What I claim is: 1. An anchoring device for use in a concrete construction to secure a machine or similar article to a surface of said construction, said device comprising,
a. a longitudinal tubular member disposed about a given axis and having a top open face and a bottom enclosed face, said bottom enclosed face having a hole oriented about said axis,
b. a yieldable member fabricated from a material having a hole therein substantially of the same diameter as said hole in said bottom face,
'c. a plate member congruent with said yieldable member and having a hole therein substantially of the same diameter as said hole in said yieldable member,
. a bolt, having a threaded end and a head end, said head end having a diameter larger than any-of said holes, said bolt positioned through said hole in said plate member, said yieldable member and said bottom face, and extending within said tubular member along said axis, permitting said bolt to exhibit rotational motion about said axis, due to the compression and consequent expansion of said yieldable material as said bolt is moved away from said axis,
e. an elastic skin member coupled to said tubular member covering substantially all the exposed surfaces of said plate member, said yieldable member and said bolthead while securing the same to said tubular member, said elastic skin further adapted to resist adhering to concrete, whereby when said anchoring device is embedded in a concrete structure, said rotational motion is still permitted.

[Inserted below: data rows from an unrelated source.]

lemma fps_map_X [simp]: "rhom g \<Longrightarrow> fps_map g fps_X = fps_X"
  by (rule fps_ext) (simp add: rhom_0 rhomD(1) fps_X_nth)

lemma fps_map_surj: "surj g \<Longrightarrow> surj (fps_map g)"
  by (rule surjI[of _ "fps_map (inv g)"], rule fps_ext) (simp add: surj_f_inv_f)

definition fps2_map :: "('a \<Rightarrow> 'b) \<Rightarrow> 'a fps fps \<Rightarrow> 'b fps fps" where
  "fps2_map g = fps_map (fps_map g)"

lemma rhom_fps2_map: "rhom g \<Longrightarrow> rhom (fps2_map g)"
  unfolding fps2_map_def by (intro rhom_fps_map)

lemma fps2_map_nth [simp]: "fps2_map g F $ j $ i = g (F $ j $ i)"
  unfolding fps2_map_def by simp

lemma fps2_map_C2 [simp]: "rhom g \<Longrightarrow> fps2_map g (C2 r) = C2 (g r)"
  unfolding fps2_map_def C2_def by (simp add: rhom_fps_map)

lemma fps2_map_X2 [simp]: "rhom g \<Longrightarrow> fps2_map g X2 = X2"
  unfolding fps2_map_def X2_def by (simp add: rhom_fps_map)

lemma fps2_map_Y2 [simp]: "rhom g \<Longrightarrow> fps2_map g Y2 = Y2"
  unfolding fps2_map_def Y2_def by (simp add: rhom_fps_map)

lemma fps2_map_surj: "surj g \<Longrightarrow> surj (fps2_map g)"
  unfolding fps2_map_def by (intro fps_map_surj)

lemma fps2_map_eq_0_principal_kernel:
  assumes "kernel g = ideal_gen {\<tau>}" "fps2_map g F = 0"
  obtains H where "F = C2 \<tau> * H"
proof -
  have "\<exists>c. F $ j $ i = c * \<tau>" for j i
  proof -
    have "g (F $ j $ i) = 0" using fps2_map_nth[of g F j i] assms(2) by simp
    then show ?thesis using assms(1) unfolding ideal_gen_singleton kernel_def by blast
  qed
  then obtain c where c: "\<And>j i. F $ j $ i = c j i * \<tau>" by metis
  have "F = C2 \<tau> * Abs_fps (\<lambda>j. Abs_fps (\<lambda>i. c j i))"
    by (rule fps_ext, rule fps_ext) (simp add: c mult.commute)
  then show ?thesis by (rule that)
qed

lemma fps2_map_residue_annihilated:
  assumes "residue_map res" "\<forall>m\<in>nonunits. \<tau> * m = 0" "fps2_map res F = 0"
  shows "C2 \<tau> * F = 0"
proof (rule fps_ext, rule fps_ext)
  fix j i
  have "res (F $ j $ i) = 0" using fps2_map_nth[of res F j i] assms(3) by simp
  then have "F $ j $ i \<in> nonunits" using assms(1) unfolding residue_map_def kernel_def by blast
  then show "(C2 \<tau> * F) $ j $ i = 0 $ j $ i" using assms(2) by simp
qed

section \<open>The quadratic form\<close>

definition qform_dx :: "'a::comm_ring_1 \<Rightarrow> 'a \<Rightarrow> 'a \<Rightarrow> 'a \<Rightarrow> 'a" where
  "qform_dx g d x y = 2 * x + g * y"

definition qform_dy :: "'a::comm_ring_1 \<Rightarrow> 'a \<Rightarrow> 'a \<Rightarrow> 'a \<Rightarrow> 'a" where
  "qform_dy g d x y = g * x + 2 * d * y"

lemma rhom_qform:
  assumes "rhom f"
  shows "f (qform g d x y) = qform (f g) (f d) (f x) (f y)"
    "f (qform_dx g d x y) = qform_dx (f g) (f d) (f x) (f y)"
    "f (qform_dy g d x y) = qform_dy (f g) (f d) (f x) (f y)"
  unfolding qform_def qform_dx_def qform_dy_def
  by (simp_all add: rhomD[OF assms] rhom_power[OF assms] rhom_numeral[OF assms])

lemma qform_square_zero_perturb:
  fixes T :: "'a::comm_ring_1"
  assumes "T * T = 0" "T * s = 0" "T * t = 0"
  shows "qform g d (x + T * a) (y + T * b) - qform g d (s + T * a') (t + T * b') =
    (qform g d x y - qform g d s t) + T * (a * qform_dx g d x y + b * qform_dy g d x y)"
proof -
  have "qform g d (x + T * a) (y + T * b) - qform g d (s + T * a') (t + T * b') =
    (qform g d x y - qform g d s t) + T * (a * qform_dx g d x y + b * qform_dy g d x y)
    + (T * T) * (a * a + g * a * b + d * b * b - a' * a' - g * a' * b' - d * b' * b')
    - (T * s) * (2 * a' + g * b') - (T * t) * (g * a' + 2 * d * b')"
    unfolding qform_def qform_dx_def qform_dy_def power2_eq_square by (simp add: algebra_simps)
  then show ?thesis using assms by simp
qed

lemma fps2_decompose_XY:
  fixes F :: "'a::comm_ring_1 fps fps"
  assumes "F $ 0 $ 0 = 0"
  shows "F = X2 * fps_const (fps_shift 1 (F $ 0)) + Y2 * fps_shift 1 F"
proof (rule fps_ext, rule fps_ext)
  fix j i
  show "F $ j $ i = (X2 * fps_const (fps_shift 1 (F $ 0)) + Y2 * fps_shift 1 F) $ j $ i"
    using assms by (cases j; cases i) (simp_all add: X2_def Y2_def fps_X_mult_nth)
qed

text \<open>Since \<open>\<gamma>\<^sup>2 - 4\<delta>\<close> is a unit, the maximal ideal \<open>(u, v)\<close> of \<open>R\<^sub>0\<close> is generated by the partial
  derivatives \<open>2u + \<gamma>v\<close> and \<open>\<gamma>u + 2\<delta>v\<close>, the determinant of the transition matrix being \<open>4\<delta> - \<gamma>\<^sup>2\<close>.\<close>
lemma R0_maximal_ideal_jacobian:
  fixes pi0 :: "'k::field fps fps \<Rightarrow> 'z::comm_ring_1"
  assumes R0: "R0_data g d pi0 D0" and w: "D0 w = 0"
  obtains c1 c2 where
    "w + c1 * qform_dx (pi0 (C2 g)) (pi0 (C2 d)) (pi0 X2) (pi0 Y2)
       + c2 * qform_dy (pi0 (C2 g)) (pi0 (C2 d)) (pi0 X2) (pi0 Y2) = 0"
proof -
  have disc: "g^2 - 4 * d \<noteq> 0" and pi0: "rhom pi0" "surj pi0"
    and D0: "D0 \<circ> pi0 = (\<lambda>f. f $ 0 $ 0)"
    using R0 unfolding R0_data_def by auto
  obtain F where F: "w = pi0 F" using pi0(2) by (metis surjD)
  have F00: "F $ 0 $ 0 = 0" using fun_cong[OF D0, of F] w F by simp
  define P where "P = pi0 (fps_const (fps_shift 1 (F $ 0)))"
  define Q where "Q = pi0 (fps_shift 1 F)"
  define u where "u = pi0 X2"
  define v where "v = pi0 Y2"
  define \<kappa> where "\<kappa> = pi0 \<circ> C2"
  have \<kappa>: "rhom \<kappa>" unfolding \<kappa>_def using rhom_comp[OF pi0(1) rhom_C2] .
  have wPQ: "w = P * u + Q * v"
    unfolding F P_def Q_def u_def v_def
    by (subst fps2_decompose_XY[OF F00]) (simp add: rhomD[OF pi0(1)] mult.commute)
  define \<Delta> where "\<Delta> = 4 * d - g^2"
  define e where "e = \<kappa> (1 / \<Delta>)"
  have "e * (4 * \<kappa> d - (\<kappa> g)^2) = e * \<kappa> \<Delta>"
    unfolding \<Delta>_def by (simp add: rhom_diff[OF \<kappa>] rhomD[OF \<kappa>] rhom_power[OF \<kappa>] rhom_numeral[OF \<kappa>])
  also have "\<dots> = \<kappa> (1 / \<Delta> * \<Delta>)" unfolding e_def by (rule rhomD(3)[OF \<kappa>, symmetric])
  also have "\<dots> = 1" using disc by (simp add: \<Delta>_def rhomD(1)[OF \<kappa>])
  finally have e: "e * (4 * \<kappa> d - (\<kappa> g)^2) = 1" .
  have "w + (- (e * (P * (2 * \<kappa> d) - Q * \<kappa> g))) * qform_dx (\<kappa> g) (\<kappa> d) u v
      + (- (e * (Q * 2 - P * \<kappa> g))) * qform_dy (\<kappa> g) (\<kappa> d) u v
      = (P * u + Q * v) * (1 - e * (4 * \<kappa> d - (\<kappa> g)^2))"
    unfolding wPQ qform_dx_def qform_dy_def power2_eq_square by (simp add: algebra_simps)
  also have "\<dots> = 0" using e by simp
  finally show ?thesis unfolding u_def v_def \<kappa>_def comp_apply by (rule that)
qed

lemma surj_if_surj_mod_square_zero:
  assumes "rhom f" "T = f t" "T * T = 0" "\<And>z. \<exists>p r. z = f p + r * T"
  shows "surj f"
proof (rule surjI[of _ "\<lambda>z. SOME p. f p = z"], rule someI_ex)
  fix z
  obtain p r where z: "z = f p + r * T" using assms(4) by blast
  obtain p' r' where r: "r = f p' + r' * T" using assms(4) by blast
  have "z = f p + f p' * T + r' * (T * T)" unfolding z r by (simp add: algebra_simps)
  also have "\<dots> = f (p + p' * t)" using assms(1-3) by (simp add: rhomD)
  finally show "\<exists>p. f p = z" by metis
qed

f. a grout material is disposed within said tubular member and surrounding said bolt for constraining any motion of said bolt member after said bolt is in a desired one of the plurality of positions permitted by said rotational motion,
g. means coupled to said threaded end of said bolt to couple said machine to said construction.
2. The anchoring device in accordance with claim 1 further comprising a cover member substantially congruent with said top open face of said tubular member, said cover member having a hole therein oriented about said given axis when said cover member is placed in congruency, to permit said threaded end of said bolt to protrude therethrough above said face, and
means coupling said threaded member to said cover member to maintain the position of said bolt along said given axis.